Data in this exercise Start Marker

(* Let $\rho:\pi_1(T^2)=\langle q,h\mid [q,h]=1\rangle\to SL(2,\mathbb{C})$ be a homomorphism. Then the twisted chain complex $C_*(T^2;V_{2N})$ defined by $\rho_{2N}=\sigma_{2N}\circ\rho$ is acyclic for every $N\ge1$ if and only if at least one of $\rho(q)$, $\rho(h)$ neither has finite odd order nor is a parabolic matrix of trace $2$ (i.e. a non-identity, non-diagonalizable matrix of trace $2$).
   Context: For $n\ge1$, let $V_n$ be the $\mathbb{C}$-vector space of homogeneous polynomials of degree $n-1$ in $z_1,z_2$, and let $\sigma_n:SL(2,\mathbb{C})\to SL(V_n)$ be the $n$-dimensional irreducible representation $(\sigma_n(A)p)(z_1,z_2)=p\big(A^{-1}(z_1,z_2)^T\big)$. For a finite CW-complex $W$ and a homomorphism $\rho:\pi_1(W)\to SL(2,\mathbb{C})$ put $\rho_n=\sigma_n\circ\rho$. The twisted chain complex is $C_*(W;V_n)=V_n\otimes_{\mathbb{Z}[\pi_1(W)]}C_*(\widetilde W;\mathbb{Z})$, where $\widetilde W$ is the universal cover, $V_n$ is a right $\mathbb{Z}[\pi_1(W)]$-module via $\rho_n^{-1}$, and its homology is denoted $H_*(W;V_n)$. The complex (or $\rho_n$) is called acyclic if $H_*(W;V_n)=0$. *)

theory Defs
  imports "HOL-Analysis.Analysis"
begin

type_synonym cmat = "complex^2^2"
type_synonym cvec = "complex^2"

definition SL2 :: "cmat set" where
  "SL2 = {A. det A = 1}"

text \<open>V_n: homogeneous polynomials of degree n-1 in z1, z2, viewed as functions on C^2.\<close>
definition Vn :: "nat \<Rightarrow> (cvec \<Rightarrow> complex) set" where
  "Vn n = {p. \<exists>c :: nat \<Rightarrow> complex.
      \<forall>z. p z = (\<Sum>k<n. c k * (z$1)^k * (z$2)^(n - 1 - k))}"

Data in this exercise End Marker

*Work task*. When you reach the line containing "theory Defs" in the data above, start copying exactly, and stop after the line containing "(cvec \<Rightarrow> complex)".

*Solved problem*.
theory Defs
  imports "HOL-Analysis.Analysis"
begin

type_synonym cmat = "complex^2^2"
type_synonym cvec = "complex^2"

definition SL2 :: "cmat set" where
  "SL2 = {A. det A = 1}"

text \<open>V_n: homogeneous polynomials of degree n-1 in z1, z2, viewed as functions on C^2.\<close>
definition Vn :: "nat \<Rightarrow> (cvec \<Rightarrow> complex) set" where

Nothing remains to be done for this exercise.